### Problem requirements
Return every line of the listing below, unchanged, from its first line to the line holding "absolutely_continuous (lebesgue_on_subspace K", that line included.

### Information shown
-- -- --

(* Let $1\le k\le d$ be integers. There exist $d+2$ mass assignments $\mu_0,\dots,\mu_{d+1}$ on the $k$-dimensional linear subspaces of $\mathbb{R}^d$ such that for no $k$-dimensional linear subspace $L$ of $\mathbb{R}^d$ is there a closed ball or closed half-space of $L$ containing exactly half of each of $\mu_0^L,\dots,\mu_{d+1}^L$.
   Context: A mass distribution on a $k$-dimensional space $L$ is a probability measure on $L$ absolutely continuous with respect to Lebesgue measure on $L$. A mass assignment on the $k$-dimensional linear subspaces of $\mathbb{R}^d$ is an assignment $L\mapsto \mu^L$ of a mass distribution $\mu^L$ on $L$ to every $k$-dimensional linear subspace $L$, depending continuously on $L$. *)

theory Defs
  imports "HOL-Probability.Probability"
begin

text \<open>Ambient space R^d is real^'n (d = CARD('n)); the dimension k is encoded by a
finite type 'k (k = CARD('k)), so that R^k = real^'k.\<close>

definition k_subspace :: "'k::finite itself \<Rightarrow> (real^'n::finite) set \<Rightarrow> bool" where
  "k_subspace K L \<longleftrightarrow> subspace L \<and> dim L = CARD('k)"

text \<open>Lebesgue measure on a k-dimensional linear subspace L, viewed as a measure on the
ambient space: push-forward of Lebesgue measure on R^k under a linear isometry onto L
(independent of the choice by isometry invariance of Lebesgue measure).\<close>

definition lebesgue_on_subspace :: "'k::finite itself \<Rightarrow> (real^'n::finite) set \<Rightarrow> (real^'n) measure" where
  "lebesgue_on_subspace K L =
     distr (lborel :: (real^'k) measure) borel
       (SOME f :: real^'k \<Rightarrow> real^'n. linear f \<and> (\<forall>x. norm (f x) = norm x) \<and> range f = L)"

definition mass_distribution :: "'k::finite itself \<Rightarrow> (real^'n::finite) set \<Rightarrow> (real^'n) measure \<Rightarrow> bool" where
  "mass_distribution K L M \<longleftrightarrow>
     sets M = sets borel \<and> prob_space M \<and> emeasure M (UNIV - L) = 0 \<and>
     absolutely_continuous (lebesgue_on_subspace K L) M"

text \<open>Convergence in the Grassmannian: orthogonal projections converge (pointwise,
equivalently in operator norm since the dimension is finite).\<close>

definition grass_tendsto :: "(nat \<Rightarrow> (real^'n::finite) set) \<Rightarrow> (real^'n) set \<Rightarrow> bool" where
  "grass_tendsto Ls L \<longleftrightarrow> (\<forall>x. (\<lambda>i. closest_point (Ls i) x) \<longlonglongrightarrow> closest_point L x)"

definition mass_assignment :: "'k::finite itself \<Rightarrow> ((real^'n::finite) set \<Rightarrow> (real^'n) measure) \<Rightarrow> bool" where
  "mass_assignment K \<mu> \<longleftrightarrow>
     (\<forall>L. k_subspace K L \<longrightarrow> mass_distribution K L (\<mu> L)) \<and>
     (\<forall>Ls L. (\<forall>i. k_subspace K (Ls i)) \<and> k_subspace K L \<and> grass_tendsto Ls L \<longrightarrow>
        (\<forall>g :: real^'n \<Rightarrow> real. continuous_on UNIV g \<and> bounded (range g) \<longrightarrow>
           (\<lambda>i. integral\<^sup>L (\<mu> (Ls i)) g) \<longlonglongrightarrow> integral\<^sup>L (\<mu> L) g))"

definition closed_ball_of :: "(real^'n::finite) set \<Rightarrow> (real^'n) set \<Rightarrow> bool" where
  "closed_ball_of L H \<longleftrightarrow> (\<exists>c r. c \<in> L \<and> 0 < r \<and> H = cball c r \<inter> L)"

definition closed_halfspace_of :: "(real^'n::finite) set \<Rightarrow> (real^'n) set \<Rightarrow> bool" where
  "closed_halfspace_of L H \<longleftrightarrow> (\<exists>a b. a \<in> L \<and> a \<noteq> 0 \<and> H = {x \<in> L. a \<bullet> x \<le> b})"

end

theory Submission
  imports Defs
begin

text \<open>Take the d + 2 points p_0 = 0, p_j = e_j (1 \<le> j \<le> d) and p_(d+1) = -(e_1 + ... + e_d),
  and let mu_i^L be the standard Gaussian on L centred at the orthogonal projection P p_i of p_i
  onto L. A Gaussian gives mass 1/2 to a half-space only if the boundary passes through its centre,
  and the mass it gives to a ball of fixed radius strictly decreases with the distance between the
  centres. So a half-space {x. a \<bullet> x \<le> b} bisecting every mu_i^L has a \<bullet> p_i = b for all i,
  forcing a = 0; and a ball with centre c bisecting all of them has |c - P p_i| = |c|, that is
  |P p_i|^2 = 2 c \<bullet> p_i, and summing over i = 1, ..., d + 1 gives \<Sum>|P p_i|^2 = 0, so P kills
  every e_j and L = 0. Continuity of L \<mapsto> mu_i^L comes from compactness of the linear isometries
  R^k \<rightarrow> R^d together with the rotation invariance of the Gaussian.\<close>

section \<open>Lebesgue measure is invariant under linear isometries\<close>

lemma borel_measurable_linear:
  fixes f :: "'a::euclidean_space \<Rightarrow> 'b::euclidean_space"
  assumes "linear f"
  shows "f \<in> borel_measurable borel"
  using assms by (intro borel_measurable_continuous_onI linear_continuous_on)
    (simp add: linear_conv_bounded_linear)

lemma emeasure_lborel_ball_neq_0:
  fixes c :: "'a::euclidean_space"
  assumes "r > 0"
  shows "emeasure lborel (ball c r) \<noteq> 0"
  using assms by (simp add: emeasure_ball) (metis less_irrefl of_nat_0_le_iff unit_ball_vol_pos)

lemma nn_integral_lborel_translate:
  fixes t :: "'a::euclidean_space"
  assumes [measurable]: "f \<in> borel_measurable borel"
  shows "(\<integral>\<^sup>+x. f (t + x) \<partial>lborel) = (\<integral>\<^sup>+x. f x \<partial>lborel)"
proof -
  have "(\<integral>\<^sup>+x. f x \<partial>lborel) = (\<integral>\<^sup>+x. f x \<partial>distr lborel borel ((+) t))"
    by (simp add: lborel_distr_plus)
  also have "\<dots> = (\<integral>\<^sup>+x. f (t + x) \<partial>lborel)"
    by (subst nn_integral_distr) auto
  finally show ?thesis ..
qed

lemma nn_integral_lborel_reflect:
  fixes t :: "'a::euclidean_space"
  assumes [measurable]: "f \<in> borel_measurable borel"
  shows "(\<integral>\<^sup>+x. f (t - x) \<partial>lborel) = (\<integral>\<^sup>+x. f x \<partial>lborel)"
proof -
  have "(\<integral>\<^sup>+x. f x \<partial>lborel) = (\<integral>\<^sup>+x. f x \<partial>distr lborel borel (\<lambda>x. t + (-1) *\<^sub>R x))"
    using lborel_affine[of "-1" t] by (simp add: density_1)
  also have "\<dots> = (\<integral>\<^sup>+x. f (t - x) \<partial>lborel)"
    by (subst nn_integral_distr) auto
  finally show ?thesis ..
qed

lemma emeasure_distr_lborel_eq_nn_integral:
  fixes U :: "'a::euclidean_space \<Rightarrow> 'b::euclidean_space"
  assumes [measurable]: "U \<in> borel_measurable borel" "A \<in> sets borel"
  shows "emeasure (distr lborel borel U) A = (\<integral>\<^sup>+x. indicator A (U x) \<partial>lborel)"
proof -
  have "(\<integral>\<^sup>+x. indicator A (U x) \<partial>lborel) = (\<integral>\<^sup>+x. indicator A x \<partial>distr lborel borel U)"
    by (subst nn_integral_distr) auto
  then show ?thesis
    by simp
qed

text \<open>Fubini with the unit ball B, which U preserves: integrating the indicator of
  U x \<in> A, U x + y \<in> B in both orders gives (distr lborel borel U) A * \<lambda> B = \<lambda> A * \<lambda> B.\<close>

lemma lborel_distr_linear_isometry:
  fixes U :: "'a::euclidean_space \<Rightarrow> 'a"
  assumes lin: "linear U" and isometry: "\<And>x. norm (U x) = norm x"
  shows "distr lborel borel U = lborel"
proof (rule measure_eqI)
  fix A :: "'a set"
  assume "A \<in> sets (distr lborel borel U)"
  then have [measurable]: "A \<in> sets borel"
    by simp
  have [measurable]: "U \<in> borel_measurable borel"
    using lin by (rule borel_measurable_linear)
  have "surj U"
    using lin isometry linear_injective_0 linear_injective_imp_surjective
    by (metis norm_eq_zero)
  define B :: "'a set" where "B = ball 0 1"
  have [measurable]: "B \<in> sets borel"
    by (simp add: B_def)
  have B_invariant: "indicator B (U x) = (indicator B x :: ennreal)" for x
    by (simp add: B_def indicator_def isometry)
  have B_pos: "emeasure lborel B \<noteq> 0"
    by (simp add: B_def emeasure_lborel_ball_neq_0)
  have B_finite: "emeasure lborel B \<noteq> \<top>"
    by (simp add: B_def emeasure_ball)
  have ball_translate: "(\<integral>\<^sup>+y. indicator B (t + y) \<partial>lborel) = emeasure lborel B" for t
    by (subst nn_integral_lborel_translate) auto
  have A_reflect: "(\<integral>\<^sup>+y. indicator A (t - y) \<partial>lborel) = emeasure lborel A" for t
    by (subst nn_integral_lborel_reflect) auto
  have "emeasure (distr lborel borel U) A * emeasure lborel B
      = (\<integral>\<^sup>+x. (\<integral>\<^sup>+y. indicator A (U x) * indicator B (U x + y) \<partial>lborel) \<partial>lborel)"
    by (simp add: emeasure_distr_lborel_eq_nn_integral ball_translate nn_integral_multc nn_integral_cmult)
  also have "\<dots> = (\<integral>\<^sup>+y. (\<integral>\<^sup>+x. indicator A (U x) * indicator B (U x + y) \<partial>lborel) \<partial>lborel)"
    by (rule lborel_pair.Fubini') measurable
  also have "\<dots> = (\<integral>\<^sup>+y. (\<integral>\<^sup>+x. indicator A (U x - y) * indicator B (U x) \<partial>lborel) \<partial>lborel)"
  proof (rule nn_integral_cong)
    fix y
    obtain z where z: "U z = - y"
      using \<open>surj U\<close> by (metis surjD)
    have "(\<integral>\<^sup>+x. indicator A (U x) * indicator B (U x + y) \<partial>lborel)
        = (\<integral>\<^sup>+x. indicator A (U (z + x)) * indicator B (U (z + x) + y) \<partial>lborel)"
      by (rule nn_integral_lborel_translate[symmetric]) measurable
    then show "(\<integral>\<^sup>+x. indicator A (U x) * indicator B (U x + y) \<partial>lborel)
        = (\<integral>\<^sup>+x. indicator A (U x - y) * indicator B (U x) \<partial>lborel)"
      by (simp add: linear_add[OF lin] z)
  qed
  also have "\<dots> = (\<integral>\<^sup>+x. (\<integral>\<^sup>+y. indicator A (U x - y) * indicator B (U x) \<partial>lborel) \<partial>lborel)"
    by (rule lborel_pair.Fubini'[symmetric]) measurable
  also have "\<dots> = emeasure lborel A * emeasure lborel B"
    by (simp add: nn_integral_multc A_reflect B_invariant nn_integral_cmult)
  finally show "emeasure (distr lborel borel U) A = emeasure lborel A"
    using B_pos B_finite by (simp add: mult.commute[of _ "emeasure lborel B"] ennreal_mult_cancel_left)
qed simp

lemma not_AE_lborel_ball:
  fixes c :: "'a::euclidean_space"
  assumes "r > 0" and "\<And>y. y \<in> ball c r \<Longrightarrow> \<not> P y"
  shows "\<not> (AE y in lborel. P y)"
proof
  assume "AE y in lborel. P y"
  then have "AE y in lborel. y \<notin> ball c r"
    by (rule eventually_mono) (use assms(2) in blast)
  then have "emeasure lborel (ball c r) = 0"
    by (subst (asm) AE_iff_measurable[of "ball c r"]) auto
  with emeasure_lborel_ball_neq_0[OF assms(1), of c] show False
    by simp
qed

lemma nn_integral_lborel_affine_isometry:
  fixes U :: "'a::euclidean_space \<Rightarrow> 'a"
  assumes "linear U" and "\<And>x. norm (U x) = norm x"
    and [measurable]: "f \<in> borel_measurable borel"
  shows "(\<integral>\<^sup>+y. f (t + U y) \<partial>lborel) = (\<integral>\<^sup>+y. f y \<partial>lborel)"
proof -
  have [measurable]: "U \<in> borel_measurable borel"
    using assms(1) by (rule borel_measurable_linear)
  have "(\<integral>\<^sup>+y. f (t + U y) \<partial>lborel) = (\<integral>\<^sup>+y. f (t + y) \<partial>distr lborel borel U)"
    by (subst nn_integral_distr) auto
  also have "\<dots> = (\<integral>\<^sup>+y. f y \<partial>lborel)"
    using assms by (simp add: lborel_distr_linear_isometry nn_integral_lborel_translate)
  finally show ?thesis .
qed

section \<open>The standard Gaussian measure\<close>

definition std_gaussian_density :: "'a::euclidean_space \<Rightarrow> real" where
  "std_gaussian_density y = (\<Prod>b\<in>Basis. std_normal_density (y \<bullet> b))"

definition std_gaussian :: "'a::euclidean_space measure" where
  "std_gaussian = density lborel (\<lambda>y. ennreal (std_gaussian_density y))"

-- -- --

### Output of the exercise
(* Let $1\le k\le d$ be integers. There exist $d+2$ mass assignments $\mu_0,\dots,\mu_{d+1}$ on the $k$-dimensional linear subspaces of $\mathbb{R}^d$ such that for no $k$-dimensional linear subspace $L$ of $\mathbb{R}^d$ is there a closed ball or closed half-space of $L$ containing exactly half of each of $\mu_0^L,\dots,\mu_{d+1}^L$.
   Context: A mass distribution on a $k$-dimensional space $L$ is a probability measure on $L$ absolutely continuous with respect to Lebesgue measure on $L$. A mass assignment on the $k$-dimensional linear subspaces of $\mathbb{R}^d$ is an assignment $L\mapsto \mu^L$ of a mass distribution $\mu^L$ on $L$ to every $k$-dimensional linear subspace $L$, depending continuously on $L$. *)

theory Defs
  imports "HOL-Probability.Probability"
begin

text \<open>Ambient space R^d is real^'n (d = CARD('n)); the dimension k is encoded by a
finite type 'k (k = CARD('k)), so that R^k = real^'k.\<close>

definition k_subspace :: "'k::finite itself \<Rightarrow> (real^'n::finite) set \<Rightarrow> bool" where
  "k_subspace K L \<longleftrightarrow> subspace L \<and> dim L = CARD('k)"

text \<open>Lebesgue measure on a k-dimensional linear subspace L, viewed as a measure on the
ambient space: push-forward of Lebesgue measure on R^k under a linear isometry onto L
(independent of the choice by isometry invariance of Lebesgue measure).\<close>

definition lebesgue_on_subspace :: "'k::finite itself \<Rightarrow> (real^'n::finite) set \<Rightarrow> (real^'n) measure" where
  "lebesgue_on_subspace K L =
     distr (lborel :: (real^'k) measure) borel
       (SOME f :: real^'k \<Rightarrow> real^'n. linear f \<and> (\<forall>x. norm (f x) = norm x) \<and> range f = L)"

definition mass_distribution :: "'k::finite itself \<Rightarrow> (real^'n::finite) set \<Rightarrow> (real^'n) measure \<Rightarrow> bool" where
  "mass_distribution K L M \<longleftrightarrow>
     sets M = sets borel \<and> prob_space M \<and> emeasure M (UNIV - L) = 0 \<and>
     absolutely_continuous (lebesgue_on_subspace K L) M"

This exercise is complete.